__WHAT YOU NEED TO DO__. Below is a block of entries; repeat exactly the lines starting at the line that contains "on the uniform" and ending at the line that contains "theory Submission", both included.

Top of DATA FOR THE TASK

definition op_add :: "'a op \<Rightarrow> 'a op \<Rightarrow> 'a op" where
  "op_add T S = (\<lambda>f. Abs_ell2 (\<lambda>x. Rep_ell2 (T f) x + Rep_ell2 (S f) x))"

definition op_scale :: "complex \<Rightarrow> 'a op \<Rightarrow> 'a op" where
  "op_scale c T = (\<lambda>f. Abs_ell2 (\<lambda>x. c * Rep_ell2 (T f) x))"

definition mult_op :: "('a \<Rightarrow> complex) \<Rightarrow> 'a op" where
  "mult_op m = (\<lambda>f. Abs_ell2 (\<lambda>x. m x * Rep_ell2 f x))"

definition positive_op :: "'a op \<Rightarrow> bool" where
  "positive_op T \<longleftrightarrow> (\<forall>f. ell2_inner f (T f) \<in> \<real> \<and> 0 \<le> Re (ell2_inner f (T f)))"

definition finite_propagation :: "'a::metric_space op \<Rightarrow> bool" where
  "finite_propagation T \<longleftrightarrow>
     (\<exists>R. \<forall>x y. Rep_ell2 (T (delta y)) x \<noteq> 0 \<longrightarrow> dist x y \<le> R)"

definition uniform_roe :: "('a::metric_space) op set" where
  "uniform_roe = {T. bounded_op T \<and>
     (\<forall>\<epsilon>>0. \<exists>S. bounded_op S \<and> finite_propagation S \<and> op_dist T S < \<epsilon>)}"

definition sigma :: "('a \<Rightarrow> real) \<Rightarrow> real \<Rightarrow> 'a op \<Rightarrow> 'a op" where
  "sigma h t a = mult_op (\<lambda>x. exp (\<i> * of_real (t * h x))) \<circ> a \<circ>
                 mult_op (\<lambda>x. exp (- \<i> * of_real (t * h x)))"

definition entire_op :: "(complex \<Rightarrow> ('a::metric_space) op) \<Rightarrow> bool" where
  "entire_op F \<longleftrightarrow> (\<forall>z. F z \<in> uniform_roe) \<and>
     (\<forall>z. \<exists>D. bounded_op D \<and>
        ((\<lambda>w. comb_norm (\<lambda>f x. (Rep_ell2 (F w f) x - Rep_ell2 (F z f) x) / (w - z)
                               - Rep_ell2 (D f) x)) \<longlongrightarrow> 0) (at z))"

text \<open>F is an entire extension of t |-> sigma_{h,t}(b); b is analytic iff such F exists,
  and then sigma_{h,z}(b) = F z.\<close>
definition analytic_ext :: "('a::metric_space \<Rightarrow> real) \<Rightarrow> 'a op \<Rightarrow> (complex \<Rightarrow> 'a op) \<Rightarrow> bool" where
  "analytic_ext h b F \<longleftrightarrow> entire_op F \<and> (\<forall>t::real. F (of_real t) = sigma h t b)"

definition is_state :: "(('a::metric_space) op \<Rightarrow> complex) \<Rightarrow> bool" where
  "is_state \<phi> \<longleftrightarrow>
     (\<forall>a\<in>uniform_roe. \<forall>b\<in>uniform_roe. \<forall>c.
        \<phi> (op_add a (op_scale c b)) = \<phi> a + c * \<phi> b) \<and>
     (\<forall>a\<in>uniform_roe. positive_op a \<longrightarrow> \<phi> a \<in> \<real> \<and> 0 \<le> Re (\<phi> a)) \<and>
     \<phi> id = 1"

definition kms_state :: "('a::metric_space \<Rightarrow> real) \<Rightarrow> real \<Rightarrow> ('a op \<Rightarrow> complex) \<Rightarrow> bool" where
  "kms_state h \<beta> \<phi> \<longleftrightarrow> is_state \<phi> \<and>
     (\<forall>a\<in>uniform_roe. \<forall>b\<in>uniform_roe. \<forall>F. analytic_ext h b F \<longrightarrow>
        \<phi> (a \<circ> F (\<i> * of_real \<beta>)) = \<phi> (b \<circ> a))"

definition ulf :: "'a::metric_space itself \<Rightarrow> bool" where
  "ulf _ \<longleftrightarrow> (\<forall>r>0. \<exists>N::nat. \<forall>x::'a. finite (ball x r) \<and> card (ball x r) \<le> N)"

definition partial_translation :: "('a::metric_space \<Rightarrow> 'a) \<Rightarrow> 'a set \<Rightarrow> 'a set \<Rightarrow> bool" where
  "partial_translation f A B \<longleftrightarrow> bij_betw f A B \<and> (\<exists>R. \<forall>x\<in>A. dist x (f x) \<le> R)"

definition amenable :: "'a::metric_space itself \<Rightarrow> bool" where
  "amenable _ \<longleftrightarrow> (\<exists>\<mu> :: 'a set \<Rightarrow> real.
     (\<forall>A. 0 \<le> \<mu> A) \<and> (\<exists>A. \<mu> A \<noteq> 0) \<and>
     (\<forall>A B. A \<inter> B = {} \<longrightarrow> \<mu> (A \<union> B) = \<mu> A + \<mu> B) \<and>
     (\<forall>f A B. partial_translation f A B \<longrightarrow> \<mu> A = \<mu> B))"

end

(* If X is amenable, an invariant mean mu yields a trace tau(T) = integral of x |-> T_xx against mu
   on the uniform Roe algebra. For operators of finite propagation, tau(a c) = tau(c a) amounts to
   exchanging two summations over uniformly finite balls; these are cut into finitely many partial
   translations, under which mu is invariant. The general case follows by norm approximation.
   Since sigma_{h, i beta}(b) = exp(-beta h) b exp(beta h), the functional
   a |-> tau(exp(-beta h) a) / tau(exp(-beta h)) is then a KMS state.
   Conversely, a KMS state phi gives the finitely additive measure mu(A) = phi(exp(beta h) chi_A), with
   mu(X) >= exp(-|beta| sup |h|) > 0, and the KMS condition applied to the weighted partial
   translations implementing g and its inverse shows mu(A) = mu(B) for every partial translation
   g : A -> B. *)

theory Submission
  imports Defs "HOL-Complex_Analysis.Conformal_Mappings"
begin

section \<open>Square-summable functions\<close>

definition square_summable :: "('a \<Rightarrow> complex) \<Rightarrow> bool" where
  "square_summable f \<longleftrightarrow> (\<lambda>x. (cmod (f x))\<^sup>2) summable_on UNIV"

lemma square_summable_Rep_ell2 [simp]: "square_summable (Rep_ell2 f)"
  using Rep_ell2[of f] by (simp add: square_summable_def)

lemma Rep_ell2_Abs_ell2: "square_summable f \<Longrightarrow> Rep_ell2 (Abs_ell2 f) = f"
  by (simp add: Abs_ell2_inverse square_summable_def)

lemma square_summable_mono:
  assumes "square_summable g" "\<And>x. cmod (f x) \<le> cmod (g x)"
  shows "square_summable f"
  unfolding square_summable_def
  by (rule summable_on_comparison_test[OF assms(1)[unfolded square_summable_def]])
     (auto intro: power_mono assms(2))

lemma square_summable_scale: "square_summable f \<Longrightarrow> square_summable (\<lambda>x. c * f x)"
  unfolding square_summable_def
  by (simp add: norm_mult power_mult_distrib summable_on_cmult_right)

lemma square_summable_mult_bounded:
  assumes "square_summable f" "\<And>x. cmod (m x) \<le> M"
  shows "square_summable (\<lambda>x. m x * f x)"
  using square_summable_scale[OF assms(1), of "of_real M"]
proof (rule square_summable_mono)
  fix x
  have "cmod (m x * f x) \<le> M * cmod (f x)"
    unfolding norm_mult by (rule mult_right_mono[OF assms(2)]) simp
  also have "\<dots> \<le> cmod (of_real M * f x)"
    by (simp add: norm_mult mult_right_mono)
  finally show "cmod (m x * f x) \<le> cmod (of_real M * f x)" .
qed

Bottom of DATA FOR THE TASK
Top of DATA FOR THE TASK

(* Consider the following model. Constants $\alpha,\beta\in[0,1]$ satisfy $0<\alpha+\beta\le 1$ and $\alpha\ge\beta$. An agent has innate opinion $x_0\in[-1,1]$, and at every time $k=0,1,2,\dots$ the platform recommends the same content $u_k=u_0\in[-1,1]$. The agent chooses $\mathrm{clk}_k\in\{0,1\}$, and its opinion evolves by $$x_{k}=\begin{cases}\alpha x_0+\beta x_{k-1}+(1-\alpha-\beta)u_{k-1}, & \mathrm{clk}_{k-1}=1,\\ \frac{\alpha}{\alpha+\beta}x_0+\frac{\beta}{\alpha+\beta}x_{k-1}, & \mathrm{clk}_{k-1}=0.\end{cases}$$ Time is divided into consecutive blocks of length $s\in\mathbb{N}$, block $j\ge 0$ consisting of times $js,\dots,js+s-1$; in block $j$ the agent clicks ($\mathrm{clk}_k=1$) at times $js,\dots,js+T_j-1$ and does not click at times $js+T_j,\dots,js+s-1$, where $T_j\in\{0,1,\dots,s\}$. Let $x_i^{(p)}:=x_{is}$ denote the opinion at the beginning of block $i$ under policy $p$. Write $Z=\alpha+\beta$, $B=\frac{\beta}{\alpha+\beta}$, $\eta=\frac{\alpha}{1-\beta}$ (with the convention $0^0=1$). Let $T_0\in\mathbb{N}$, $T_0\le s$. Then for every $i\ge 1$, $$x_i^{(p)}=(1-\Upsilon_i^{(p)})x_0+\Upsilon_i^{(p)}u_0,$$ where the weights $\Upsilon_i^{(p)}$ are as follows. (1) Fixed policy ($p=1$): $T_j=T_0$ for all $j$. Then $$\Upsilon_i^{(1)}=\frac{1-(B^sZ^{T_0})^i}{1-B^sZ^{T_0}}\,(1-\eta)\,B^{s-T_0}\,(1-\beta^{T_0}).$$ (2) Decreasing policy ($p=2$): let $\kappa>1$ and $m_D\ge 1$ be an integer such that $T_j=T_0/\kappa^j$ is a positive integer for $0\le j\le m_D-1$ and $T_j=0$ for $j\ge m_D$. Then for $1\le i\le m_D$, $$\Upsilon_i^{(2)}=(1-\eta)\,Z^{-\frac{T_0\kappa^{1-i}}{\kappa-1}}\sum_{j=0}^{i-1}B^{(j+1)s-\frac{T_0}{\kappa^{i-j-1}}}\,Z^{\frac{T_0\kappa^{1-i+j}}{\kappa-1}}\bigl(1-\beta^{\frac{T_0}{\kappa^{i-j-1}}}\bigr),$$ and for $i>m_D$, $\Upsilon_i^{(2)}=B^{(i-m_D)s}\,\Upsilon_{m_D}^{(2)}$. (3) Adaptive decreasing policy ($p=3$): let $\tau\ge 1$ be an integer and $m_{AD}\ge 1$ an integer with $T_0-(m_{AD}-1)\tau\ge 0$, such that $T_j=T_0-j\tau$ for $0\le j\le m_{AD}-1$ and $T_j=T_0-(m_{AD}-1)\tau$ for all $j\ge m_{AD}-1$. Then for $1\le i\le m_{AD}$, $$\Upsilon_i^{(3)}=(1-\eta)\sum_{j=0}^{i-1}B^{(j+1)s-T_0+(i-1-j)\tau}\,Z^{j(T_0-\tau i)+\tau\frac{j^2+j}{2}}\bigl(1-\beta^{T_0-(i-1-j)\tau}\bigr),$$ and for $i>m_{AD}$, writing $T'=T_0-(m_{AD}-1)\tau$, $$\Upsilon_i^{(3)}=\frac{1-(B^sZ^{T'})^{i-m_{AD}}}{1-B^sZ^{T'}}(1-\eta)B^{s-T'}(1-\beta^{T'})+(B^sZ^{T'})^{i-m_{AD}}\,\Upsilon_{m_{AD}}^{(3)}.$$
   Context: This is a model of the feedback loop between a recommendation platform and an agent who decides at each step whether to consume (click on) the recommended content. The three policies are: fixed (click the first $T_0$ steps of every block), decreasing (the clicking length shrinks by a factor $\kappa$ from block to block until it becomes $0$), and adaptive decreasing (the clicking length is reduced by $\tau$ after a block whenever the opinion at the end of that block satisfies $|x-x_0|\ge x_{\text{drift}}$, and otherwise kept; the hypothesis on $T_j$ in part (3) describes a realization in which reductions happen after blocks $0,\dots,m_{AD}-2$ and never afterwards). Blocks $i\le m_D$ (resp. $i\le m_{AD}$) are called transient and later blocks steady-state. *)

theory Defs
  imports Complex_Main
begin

Bottom of DATA FOR THE TASK

__TASK SOLUTION__.
   on the uniform Roe algebra. For operators of finite propagation, tau(a c) = tau(c a) amounts to
   exchanging two summations over uniformly finite balls; these are cut into finitely many partial
   translations, under which mu is invariant. The general case follows by norm approximation.
   Since sigma_{h, i beta}(b) = exp(-beta h) b exp(beta h), the functional
   a |-> tau(exp(-beta h) a) / tau(exp(-beta h)) is then a KMS state.
   Conversely, a KMS state phi gives the finitely additive measure mu(A) = phi(exp(beta h) chi_A), with
   mu(X) >= exp(-|beta| sup |h|) > 0, and the KMS condition applied to the weighted partial
   translations implementing g and its inverse shows mu(A) = mu(B) for every partial translation
   g : A -> B. *)

theory Submission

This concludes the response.